Um diesem Notstand zumindest in ihrem Bereich entgegenzuwirken, hat die Stadt Ditzingen im letzten Jahr eine Hebammenstelle in der Sozialstation Ditzingen eingerichtet. Drei Kurse pro Woche biete die Hebamme Marion Spitzner an, zur Geburtsvorbereitung und zur Rückbildung des Bauchs und Stabilisierung des Beckenbodens. Zwei weitere Kurse werden von zwei externen, freiberuflichen Hebammen angeboten. Alle Kurse seien bereits ausgebucht, heißt es aus der Sozialstation. Außerdem betreut Spitzner vier bis sechs Frauen im Monat während der Schwangerschaft und kurz nach der Geburt.

„Der Bedarf ist allerdings weitaus größer“, sagt Sarah Hert von der Sozialstation Sodi. Pro Monat müsse sie etwa fünf zehn Frauen absagen. „Viele der Frauen sind regelrecht verzweifelt, weil sie keine Hebamme finden“, so Hert. Auch die Sozialpädagogin rät dazu, sich frühzeitig, sobald die Schwangerschaft bekannt ist, um eine Hebamme zu kümmern. Für all jeden Schwangeren, die keine Hebamme haben, bietet die Sozialstation einmal im Monat zudem eine Sprechstunde an.

Die Schwangeren müssen die Leistungen aus eigener Tasche bezahlen

Weil der Bedarf in Ditzingen und den umliegenden Gemeinden im Strohgäu so groß ist, bemüht sich die Sozialstation darum, eine weitere Hebamme einzustellen, welche die 60 Prozentstelle von Spitzer, die auf eigenen Wunsch nur in Teilzeit arbeitet, um 40 Prozent aufzustocken. Diese Stelle ist seit zwei Jahren ausgeschrieben. Eine geeignete Kandidatin sei allerdings noch nicht gefunden.

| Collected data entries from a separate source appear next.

(* Let $r\ge 3$ be an integer. Every $\mathrm{T}_r$-free $r$-graph $\mathcal{H}$ with $\delta_{r-1}^{+}(\mathcal{H})\ge r$ is $\Sigma_r$-free; that is, there are no three edges $A,B,C\in\mathcal{H}$ with $|A\cap B|=r-1$ and $A\triangle B\subseteq C$.
   Context: An $r$-graph $\mathcal{H}$ is a collection of $r$-subsets (edges) of a finite vertex set $V(\mathcal{H})$. The shadow is $\partial\mathcal{H}=\{e\in\binom{V(\mathcal{H})}{r-1}\colon e\subseteq E \text{ for some } E\in\mathcal{H}\}$. For $e\in\partial\mathcal{H}$, $N_{\mathcal{H}}(e)=\{v\in V(\mathcal{H})\colon e\cup\{v\}\in\mathcal{H}\}$. The minimum positive codegree is $\delta_{r-1}^{+}(\mathcal{H})=\min\{|N_{\mathcal{H}}(e)|\colon e\in\partial\mathcal{H}\}$. The $r$-uniform generalized triangle is $\mathrm{T}_r=\{\{1,\ldots,r-1,r\},\{1,\ldots,r-1,r+1\},\{r,r+1,\ldots,2r-1\}\}$; $\mathcal{H}$ is $\mathrm{T}_r$-free if it contains no subhypergraph isomorphic to $\mathrm{T}_r$. $\Sigma_r$ denotes the family of $r$-graphs consisting of three edges $A,B,C$ with $|A\cap B|=r-1$ and $A\triangle B\subseteq C$ (symmetric difference). *)

theory Defs
  imports Main
begin

definition r_graph :: "nat \<Rightarrow> 'a set \<Rightarrow> 'a set set \<Rightarrow> bool" where
  "r_graph r V H \<longleftrightarrow> finite V \<and> (\<forall>E\<in>H. E \<subseteq> V \<and> card E = r)"

definition shadow :: "nat \<Rightarrow> 'a set set \<Rightarrow> 'a set set" where
  "shadow r H = {e. card e = r - 1 \<and> (\<exists>E\<in>H. e \<subseteq> E)}"

definition nbhd :: "'a set \<Rightarrow> 'a set set \<Rightarrow> 'a set \<Rightarrow> 'a set" where
  "nbhd V H e = {v \<in> V. insert v e \<in> H}"

definition min_pos_codegree :: "nat \<Rightarrow> 'a set \<Rightarrow> 'a set set \<Rightarrow> nat" where
  "min_pos_codegree r V H = Min ((\<lambda>e. card (nbhd V H e)) ` shadow r H)"

definition gen_triangle :: "nat \<Rightarrow> nat set set" where
  "gen_triangle r = {{1..r}, insert (r+1) {1..r-1}, {r..2*r-1}}"

definition contains_copy :: "'b set set \<Rightarrow> 'a set set \<Rightarrow> bool" where
  "contains_copy F H \<longleftrightarrow> (\<exists>f. inj_on f (\<Union>F) \<and> (\<forall>E\<in>F. f ` E \<in> H))"

definition T_free :: "nat \<Rightarrow> 'a set set \<Rightarrow> bool" where
  "T_free r H \<longleftrightarrow> \<not> contains_copy (gen_triangle r) H"

definition Sigma_free :: "nat \<Rightarrow> 'a set set \<Rightarrow> bool" where
  "Sigma_free r H \<longleftrightarrow> \<not> (\<exists>A\<in>H. \<exists>B\<in>H. \<exists>C\<in>H.
      card (A \<inter> B) = r - 1 \<and> (A - B) \<union> (B - A) \<subseteq> C)"

end

theory Submission
  imports Defs
begin

text \<open>Let \<open>A = S \<union> {a}\<close>, \<open>B = S \<union> {b}\<close> and \<open>a, b \<in> C\<close> be a \<open>\<Sigma>\<^sub>r\<close>-configuration. If \<open>C\<close>
  still meets \<open>S\<close> in some \<open>s\<close>, the shadow set \<open>C - {s}\<close> has at least \<open>r > |S|\<close> neighbours,
  so one of them, \<open>v\<close>, lies outside \<open>S\<close>; replacing \<open>C\<close> by \<open>C - {s} \<union> {v}\<close> keeps \<open>a, b\<close> and
  shrinks \<open>C \<inter> S\<close>. Once \<open>C \<inter> S = {}\<close>, the edges \<open>A, B, C\<close> form a copy of \<open>T\<^sub>r\<close>.\<close>

lemma finite_shadow:
  assumes "r_graph r V H"
  shows "finite (shadow r H)"
proof -
  have "shadow r H \<subseteq> Pow V"
    using assms unfolding shadow_def r_graph_def by auto
  then show ?thesis
    using assms finite_subset unfolding r_graph_def by blast
qed

lemma edge_minus_vertex_in_shadow:
  assumes "r_graph r V H" "E \<in> H" "s \<in> E"
  shows "E - {s} \<in> shadow r H"
proof -
  have "finite E" "card E = r"
    using assms finite_subset unfolding r_graph_def by blast+
  then show ?thesis
    using assms(2,3) unfolding shadow_def by auto
qed

lemma min_pos_codegree_le_card_nbhd:
  assumes "r_graph r V H" "e \<in> shadow r H"
  shows "min_pos_codegree r V H \<le> card (nbhd V H e)"
  unfolding min_pos_codegree_def using assms finite_shadow by (intro Min_le) auto

lemma edge_swap_outside:
  assumes "r_graph r V H" "E \<in> H" "s \<in> E"
    and "finite S" "card S < min_pos_codegree r V H"
  obtains v where "v \<notin> S" "insert v (E - {s}) \<in> H"
proof -
  have "card S < card (nbhd V H (E - {s}))"
    using assms min_pos_codegree_le_card_nbhd edge_minus_vertex_in_shadow
    by (meson order.strict_trans2)
  then have "\<not> nbhd V H (E - {s}) \<subseteq> S"
    using assms(4) card_mono leD by blast
  then show ?thesis
    using that unfolding nbhd_def by blast
qed

lemma edge_avoiding_small_set:
  assumes "r_graph r V H" "finite S" "card S < min_pos_codegree r V H"
    and "C \<in> H" "X \<subseteq> C" "X \<inter> S = {}"
  shows "\<exists>C'\<in>H. X \<subseteq> C' \<and> C' \<inter> S = {}"
  using assms(4,5)
proof (induction "card (C \<inter> S)" arbitrary: C)
  case 0
  then show ?case
    using assms(2) by auto
next
  case (Suc n)
  then obtain s where s: "s \<in> C \<inter> S"
    by (metis card.empty ex_in_conv nat.simps(3))
  obtain v where v: "v \<notin> S" "insert v (C - {s}) \<in> H"
    using edge_swap_outside[OF assms(1) \<open>C \<in> H\<close> _ assms(2,3)] s by blast
  have "insert v (C - {s}) \<inter> S = (C \<inter> S) - {s}"
    using v(1) by auto
  then have "n = card (insert v (C - {s}) \<inter> S)"
    using Suc.hyps(2) s assms(2) by simp
  moreover have "X \<subseteq> insert v (C - {s})"
    using Suc.prems(2) s assms(6) by auto
  ultimately show ?case
    using Suc.hyps(1) v(2) by blast
qed

lemma edges_sharing_codim_one:
  assumes "finite A" "finite B" "card A = r" "card B = r" "card (A \<inter> B) = r - 1" "r \<ge> 1"
  obtains a b where "A = insert a (A \<inter> B)" "B = insert b (A \<inter> B)" "a \<notin> B" "b \<notin> A"
proof -
  have "card (A - B) = 1" "card (B - A) = 1"
    using assms card_Diff_subset_Int[of A B] card_Diff_subset_Int[of B A]
    by (simp_all add: Int_commute)
  then obtain a b where "A - B = {a}" "B - A = {b}"
    by (meson card_1_singletonE)
  then show ?thesis
    using that by blast
qed

lemma gen_triangle_labelling:
  assumes "2 \<le> r" "finite S" "card S = r - 1" "finite C" "card C = r"
    and "a \<in> C" "b \<in> C" "a \<noteq> b" "C \<inter> S = {}"
  obtains f where "inj_on f {1..2*r-1}" "f ` {1..r-1} = S" "f r = a" "f (r+1) = b"
    "f ` {r+2..2*r-1} = C - {a,b}"
proof -
  obtain g where g: "bij_betw g {1..r-1} S"
    using finite_same_card_bij[of "{1..r-1}" S] assms(2,3) by auto
  have "card (C - {a,b}) = r - 2"
    using assms(4-8) by (simp add: card_Diff_subset)
  then obtain h where h: "bij_betw h {r+2..2*r-1} (C - {a,b})"
    using finite_same_card_bij[of "{r+2..2*r-1}" "C - {a,b}"] assms(1,4) by auto
  define f where
    "f i = (if i \<le> r - 1 then g i else if i = r then a else if i = r + 1 then b else h i)" for i
  have fr: "f r = a" "f (r+1) = b"
    using assms(1) unfolding f_def by auto
  have fS: "f ` {1..r-1} = S"
    using g unfolding bij_betw_def by (metis (no_types, lifting) atLeastAtMost_iff f_def image_cong)
  have fC: "f ` {r+2..2*r-1} = C - {a,b}"
  proof -
    have "f ` {r+2..2*r-1} = h ` {r+2..2*r-1}"
      by (rule image_cong) (auto simp: f_def)
    then show ?thesis
      using h unfolding bij_betw_def by simp
  qed
  have "{1..2*r-1} = {1..r-1} \<union> {r, r+1} \<union> {r+2..2*r-1}"
    using assms(1) by auto
  then have "f ` {1..2*r-1} = S \<union> C"
    using fS fC fr assms(6,7) by (auto simp only: image_Un)
  then have "card (f ` {1..2*r-1}) = card {1..2*r-1}"
    using assms(1-5,9) by (simp add: card_Un_disjoint Int_commute)
  then have "inj_on f {1..2*r-1}"
    by (simp add: eq_card_imp_inj_on)
  then show ?thesis
    using that fS fr fC by blast
qed

lemma contains_gen_triangle:
  assumes "2 \<le> r" "finite S" "card S = r - 1" "finite C" "card C = r"
    and "a \<in> C" "b \<in> C" "a \<noteq> b" "C \<inter> S = {}"
    and "insert a S \<in> H" "insert b S \<in> H" "C \<in> H"
  shows "contains_copy (gen_triangle r) H"
proof -
  obtain f where f: "inj_on f {1..2*r-1}" "f ` {1..r-1} = S" "f r = a" "f (r+1) = b"
    "f ` {r+2..2*r-1} = C - {a,b}"
    using gen_triangle_labelling[OF assms(1-9)] by blast
  have "{1..r} = insert r {1..r-1}" "{r..2*r-1} = insert r (insert (r+1) {r+2..2*r-1})"
    using assms(1) by auto
  then have "f ` {1..r} = insert a S" "f ` insert (r+1) {1..r-1} = insert b S"
    "f ` {r..2*r-1} = C"
    using f assms(6,7) by auto
  moreover have "\<Union>(gen_triangle r) = {1..2*r-1}"
    unfolding gen_triangle_def using assms(1) by auto
  ultimately show ?thesis
    unfolding contains_copy_def gen_triangle_def using f(1) assms(10-12) by auto
qed

theorem proposition2p1:
  fixes r :: nat and V :: "'a set" and H :: "'a set set"
  assumes "r \<ge> 3"
    and "r_graph r V H"
    and "T_free r H"
    and "min_pos_codegree r V H \<ge> r"
  shows "Sigma_free r H"
  unfolding Sigma_free_def
proof clarify
  fix A B C0
  assume edges: "A \<in> H" "B \<in> H" "C0 \<in> H" and AB: "card (A \<inter> B) = r - 1"
    and C0: "A - B \<union> (B - A) \<subseteq> C0"
  have fin: "\<And>E. E \<in> H \<Longrightarrow> finite E \<and> card E = r"
    using assms(2) finite_subset unfolding r_graph_def by blast
  define S where "S = A \<inter> B"
  obtain a b where ab: "A = insert a S" "B = insert b S" "a \<notin> B" "b \<notin> A"
    using edges_sharing_codim_one[of A B r] fin edges AB assms(1) unfolding S_def by auto
  have S: "finite S" "card S = r - 1" "card S < min_pos_codegree r V H"
    using fin edges(1) AB assms(1,4) unfolding S_def by auto
  have "{a, b} \<subseteq> C0" "{a, b} \<inter> S = {}"
    using C0 ab unfolding S_def by blast+
  then obtain C where C: "C \<in> H" "{a, b} \<subseteq> C" "C \<inter> S = {}"
    using edge_avoiding_small_set[OF assms(2) S(1,3) edges(3)] by blast
  have "a \<noteq> b"
    using ab unfolding S_def by blast
  then have "contains_copy (gen_triangle r) H"
    using contains_gen_triangle[OF _ S(1,2) _ _ _ _ _ C(3)] assms(1) fin[OF C(1)] C(1,2)
      edges(1,2) ab(1,2) by auto
  then show False
    using assms(3) unfolding T_free_def by blast
qed

end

Ein weitere Problempunkt: die Leistungen der bei der Sozialstation fest angestellten Hebamme können bei den meisten Krankenkassen nicht direkt abgerechnet werden. „Die Rechnung für die Betreuung müssen die Frauen erst einmal selbst begleichen und dann darauf hoffen, dass ihre Krankenkasse die Kosten erstattet“, sagt Hert. Das liege daran, dass die Sozialstation in diesem Bereich Vorreiter sei. „Eine Hebamme, die bei einer Sozialstation angestellt ist, gibt es sonst in Deutschland nicht“, so Hert. Wenn die Hebamme freiberuflich wäre, dann könnten das die Frauen direkt über die Krankenkasse abrechnen.

Viele Hebammen arbeiten in Teilzeit

Viele weitere rechtliche Vorgaben erschwerten den Beruf der Hebamme, so auch Bohm-Schweikert. Deswegen möchte die Hebamme demnächst ihre freiberufliche Tätigkeit reduzieren – sie wird zum Teil in einer Klinik arbeiten. „Momentan muss ich beispielsweise meine Rentenversicherung in vollem Umfang selbst zahlen.“ Um diesen negativen Aspekt zu reduzieren, wolle sie sich in Teilzeit anstellen lassen. „Dann kann ich aber noch weniger Frauen betreuen.“ Schon jetzt nimmt sie nur Aufträge aus der Umgebung an. Ansonsten sei ihr der Weg zu weit. Denn die Krankenkassen zahlen nur für eine Anfahrt im Radius von 20 Kilometern.

Genügend Anfragen habe sie trotzdem. Allein in diesem Jahr wurden bereits 153 Kinder in eine Familie aus Korntal-Münchingen hineingeboren. 80 bis 100 Frauen kann Bohm-Schweikert übernehmen. Denn sie hat selbst Kinder und arbeitet, wie viele andere Hebammen auch, in Teilzeit. Zusätzlich bietet sie in Gerlingen Geburtsvorbereitungskurse an.

Eine etwas andere Art der Schwangerenberatung bietet der Pflegeverbund Strohgäu-Glems an: einmal im Monat lädt die Sozialstation Leonberg zu einem Frühstück ein, bei dem eine Hebamme die Fragen der Frauen beantwortet, die keine persönliche Betreuung erfahren.